The test site provided “the optimal environment to demonstrate a standards-compliant interoperability, as well as end-to-end testing with the 5G network using the O-RAN alliance 7.2x split,” Doug Thornton, Technical Director for the RavenStar program, says, “We just accomplished something that no one has ever done.” 

The digitally steered radio unit supports multiple protocols simultaneously from a single array, including 4G and 5G. The compact-size (less than one cubic foot) RavenStar, according to Battelle, is the first radio unit to cover 600 MHz to 7 GHz with a single aperture. 

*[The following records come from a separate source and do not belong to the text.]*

lemma oint_eq_integral_diff:
  fixes f :: "real \<Rightarrow> real"
  assumes f: "continuous_on UNIV f" and "a \<le> 0" "a \<le> t"
  shows "oint f t = integral {a..t} f - integral {a..0} f"
proof -
  have integrable: "f integrable_on {c..d}" for c d
    using continuous_on_subset[OF f] by (blast intro: integrable_continuous_real)
  show ?thesis
  proof (cases "0 \<le> t")
    case True
    then have "integral {a..0} f + integral {0..t} f = integral {a..t} f"
      using \<open>a \<le> 0\<close> by (intro Henstock_Kurzweil_Integration.integral_combine integrable) auto
    then show ?thesis using True by (simp add: oint_def)
  next
    case False
    then have "integral {a..t} f + integral {t..0} f = integral {a..0} f"
      using \<open>a \<le> t\<close> by (intro Henstock_Kurzweil_Integration.integral_combine integrable) auto
    then show ?thesis using False by (simp add: oint_def)
  qed
qed

lemma has_real_derivative_oint:
  fixes f :: "real \<Rightarrow> real"
  assumes f: "continuous_on UNIV f"
  shows "(oint f has_real_derivative f t) (at t)"
proof -
  define a where "a = min t 0 - 1"
  have "((\<lambda>x. integral {a..x} f) has_real_derivative f t) (at t within {a..t + 1})"
    by (rule integral_has_real_derivative) (auto simp: a_def intro: continuous_on_subset[OF f])
  moreover have "at t within {a..t + 1} = at t"
    by (rule at_within_Icc_at) (auto simp: a_def)
  ultimately have "((\<lambda>x. integral {a..x} f - integral {a..0} f) has_real_derivative f t) (at t)"
    by (auto intro!: derivative_eq_intros)
  then show ?thesis
    by (rule has_field_derivative_transform_within_open[where S = "{a<..}"])
       (auto simp: a_def intro!: oint_eq_integral_diff[OF f, symmetric])
qed

lemma has_real_derivative_oint_comp:
  fixes f :: "real \<Rightarrow> real"
  assumes "continuous_on UNIV f" and "(g has_real_derivative g') (at t)"
  shows "((\<lambda>t. oint f (g t)) has_real_derivative f (g t) * g') (at t)"
  using DERIV_chain2[OF has_real_derivative_oint[OF assms(1)] assms(2)] .

lemma oint_0 [simp]: "oint f 0 = 0"
  by (simp add: oint_def)
lemma is_matching_image:
  assumes "is_matching P M" "inj_on f P"
  shows "is_matching (f ` P) ((`) f ` M)"
proof -
  have "f ` A \<subseteq> f ` P \<and> card (f ` A) = 2" if "A \<in> M" for A
    using is_matching_arc[OF assms(1) that] assms(2) by (metis card_image image_mono inj_on_subset)
  then have arcs: "\<forall>A'\<in>(`) f ` M. A' \<subseteq> f ` P \<and> card A' = 2"
    by blast
  have unique: "\<exists>!A'. A' \<in> (`) f ` M \<and> y \<in> A'" if "y \<in> f ` P" for y
  proof -
    obtain x where x: "x \<in> P" and y: "y = f x"
      using \<open>y \<in> f ` P\<close> by blast
    obtain A where A: "A \<in> M" "x \<in> A"
      using is_matching_covers[OF assms(1) x] by blast
    show ?thesis
      unfolding y
    proof (rule ex1I[of _ "f ` A"])
      show "f ` A \<in> (`) f ` M \<and> f x \<in> f ` A"
        using A by blast
      fix A'
      assume "A' \<in> (`) f ` M \<and> f x \<in> A'"
      then obtain B x' where B: "B \<in> M" "A' = f ` B" "x' \<in> B" "f x' = f x"
        by auto
      moreover have "x' = x"
        using is_matching_arc[OF assms(1) B(1)] B(3,4) x assms(2) by (auto simp: inj_on_def)
      ultimately show "A' = f ` A"
        using is_matching_unique[OF assms(1) x A] by blast
    qed
  qed
  show ?thesis
    unfolding is_matching_def by (intro conjI[OF arcs] ballI unique)
qed

lemma noncrossing_matchings_arc_nonempty: "M \<in> noncrossing_matchings p P \<Longrightarrow> A \<in> M \<Longrightarrow> A \<noteq> {}"
  using is_matching_arc unfolding noncrossing_matchings_def by fastforce

lemma noncrossing_matchings_arc_subset: "M \<in> noncrossing_matchings p P \<Longrightarrow> A \<in> M \<Longrightarrow> A \<subseteq> P"
  using is_matching_arc unfolding noncrossing_matchings_def by blast

lemma noncrossing_matchings_restrict:
  assumes "M \<in> noncrossing_matchings p P" "S \<subseteq> P"
    and "\<And>A. A \<in> M \<Longrightarrow> A \<inter> S \<noteq> {} \<Longrightarrow> A \<subseteq> S"
  shows "{A \<in> M. A \<subseteq> S} \<in> noncrossing_matchings p S"
  using assms(1) is_matching_restrict[OF _ assms(2,3)] unfolding noncrossing_matchings_def by auto

lemma noncrossing_matchings_empty: "noncrossing_matchings p {} = {{}}"
  unfolding noncrossing_matchings_def is_matching_def by auto

lemma noncrossing_matchings_singleton: "noncrossing_matchings p {x} = {}"
proof -
  have "\<not> is_matching {x} M" for M
  proof
    assume M: "is_matching {x} M"
    then obtain A where "A \<in> M"
      using is_matching_covers[OF M, of x] by blast
    with is_matching_arc[OF M] have "A \<subseteq> {x}" "card A = 2"
      by blast+
    then show False
      using card_mono[of "{x}" A] by simp
  qed
  then show ?thesis
    unfolding noncrossing_matchings_def by blast
qed

lemma finite_noncrossing_matchings: "finite P \<Longrightarrow> finite (noncrossing_matchings p P)"
  by (rule finite_subset[of _ "Pow (Pow P)"]) (auto simp: noncrossing_matchings_def is_matching_def)

lemma finite_outer_arcs:
  assumes "finite P" "M \<in> noncrossing_matchings p P"
  shows "finite (outer_arcs p M)"
proof -
  have "outer_arcs p M \<subseteq> Pow P"
    using assms(2) unfolding noncrossing_matchings_def outer_arcs_def is_matching_def by blast
  with assms(1) show ?thesis
    by (simp add: finite_subset)
qed

lemma card_marked_matchings:
  assumes "finite P"
  shows "card (marked_matchings p P) = (\<Sum>M\<in>noncrossing_matchings p P. 2 ^ card (outer_arcs p M))"
proof -
  have "marked_matchings p P = Sigma (noncrossing_matchings p P) (\<lambda>M. Pow (outer_arcs p M))"
    unfolding marked_matchings_def by auto
  with assms show ?thesis
    by (simp add: card_SigmaI card_Pow finite_noncrossing_matchings finite_outer_arcs)
qed

lemma marked_matchings_image:
  assumes "inj_on f P" "\<And>x. x \<in> P \<Longrightarrow> q (f x) = p x" "(M, D) \<in> marked_matchings p P"
  shows "((`) f ` M, (`) f ` D) \<in> marked_matchings q (f ` P)"
proof -
  have M: "is_matching P M" "\<forall>A\<in>M. \<forall>B\<in>M. \<not> crosses p A B"
    and D: "D \<subseteq> outer_arcs p M"
    using assms(3) unfolding marked_matchings_def noncrossing_matchings_def by auto
  have arcs: "A \<subseteq> P" if "A \<in> M" for A
    using is_matching_arc[OF M(1) that] by blast
  have "crosses q (f ` A) (f ` B) \<longleftrightarrow> crosses p A B" "nested q (f ` A) (f ` B) \<longleftrightarrow> nested p A B"
    if "A \<in> M" "B \<in> M" for A B
    using arcs[OF that(1)] arcs[OF that(2)] assms(2) unfolding crosses_def nested_def
    by (auto 0 3 simp: subset_iff)
  with M D is_matching_image[OF M(1) assms(1)] show ?thesis
    unfolding marked_matchings_def noncrossing_matchings_def outer_arcs_def by auto
qed
(* Let $\bm{A}=[\bm{A}_1\ \bm{A}_2]\in\mathbb{R}^{m\times n}$ with $\bm{A}_j\in\mathbb{R}^{m\times n_j}$, $n=n_1+n_2$, have full column rank, and suppose $\bm{A}_1^\top\bm{A}_1=\bm{I}_{n_1}$, $\bm{A}_2^\top\bm{A}_2=\bm{I}_{n_2}$ and $\bm{A}_2^\top\bm{A}_1\neq 0$. Then $\rho_{\mathrm{BGD}}^*\le(\rho_{\mathrm{HB}}^* )^2$.
   Context: $\rho(\cdot)$ denotes the spectral radius (maximum modulus of eigenvalues). For $\gamma_1,\gamma_2>0$ let $\bm{M}(\gamma_1,\gamma_2):=\left(\bm{I}-\begin{bmatrix}0&0\\ \gamma_2\bm{A}_2^\top\bm{A}_1&\gamma_2\bm{A}_2^\top\bm{A}_2\end{bmatrix}\right)\left(\bm{I}-\begin{bmatrix}\gamma_1\bm{A}_1^\top\bm{A}_1&\gamma_1\bm{A}_1^\top\bm{A}_2\\0&0\end{bmatrix}\right)$, the iteration matrix of two-block gradient descent ($\bm{x}_1^+=\bm{x}_1-\gamma_1\bm{A}_1^\top(\bm{A}\bm{x}-\bm{y})$, then $\bm{x}_2^+=\bm{x}_2-\gamma_2\bm{A}_2^\top(\bm{A}_1\bm{x}_1^++\bm{A}_2\bm{x}_2-\bm{y})$) on $F(\bm{x})=\frac12\|\bm{A}\bm{x}-\bm{y}\|_2^2$. Define $\rho_{\mathrm{BGD}}^*:=\min_{\gamma_1>0,\gamma_2>0}\rho(\bm{M}(\gamma_1,\gamma_2))$. For $\alpha>0,\beta\ge0$ let $\bm{N}(\alpha,\beta):=\begin{bmatrix}0&\bm{I}\\-\beta\bm{I}&(1+\beta)\bm{I}-\alpha\bm{A}^\top\bm{A}\end{bmatrix}$ (heavy-ball iteration matrix) and $\rho_{\mathrm{HB}}^*:=\min_{\alpha>0,\beta\ge0}\rho(\bm{N}(\alpha,\beta))$. *)

theory Defs
  imports "Jordan_Normal_Form.Spectral_Radius" "Jordan_Normal_Form.DL_Rank"
begin

text \<open>Horizontal concatenation [A1 A2] of two matrices with the same number of rows.\<close>
definition hcat :: "real mat \<Rightarrow> real mat \<Rightarrow> real mat" where
  "hcat A1 A2 = four_block_mat A1 A2 (0\<^sub>m 0 (dim_col A1)) (0\<^sub>m 0 (dim_col A2))"

definition cmat :: "real mat \<Rightarrow> complex mat" where
  "cmat M = map_mat complex_of_real M"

Some benefits of RavenStar, according to the company, include:

  • “Reducing costs for the industry
  • Replacing multiple boxes on towers
  • Making shared sites viable in small cells, stadiums, urban environments, and rural areas
  • Providing coverage over large land areas 
  • Streamlining installation timelines”

“This decade-long, internally funded system will provide owners of spectrum the ability to operate simultaneously in any bands they may own while making those bands capable of carrying four times as much data,” said Matt Vaughan, President of Battelle’s Applied Science and Technology business. “Battelle RavenStar will allow network operators to future-proof their capital expenditures as their spectrum ownership changes and allow a fast and seamless transition to different standards.”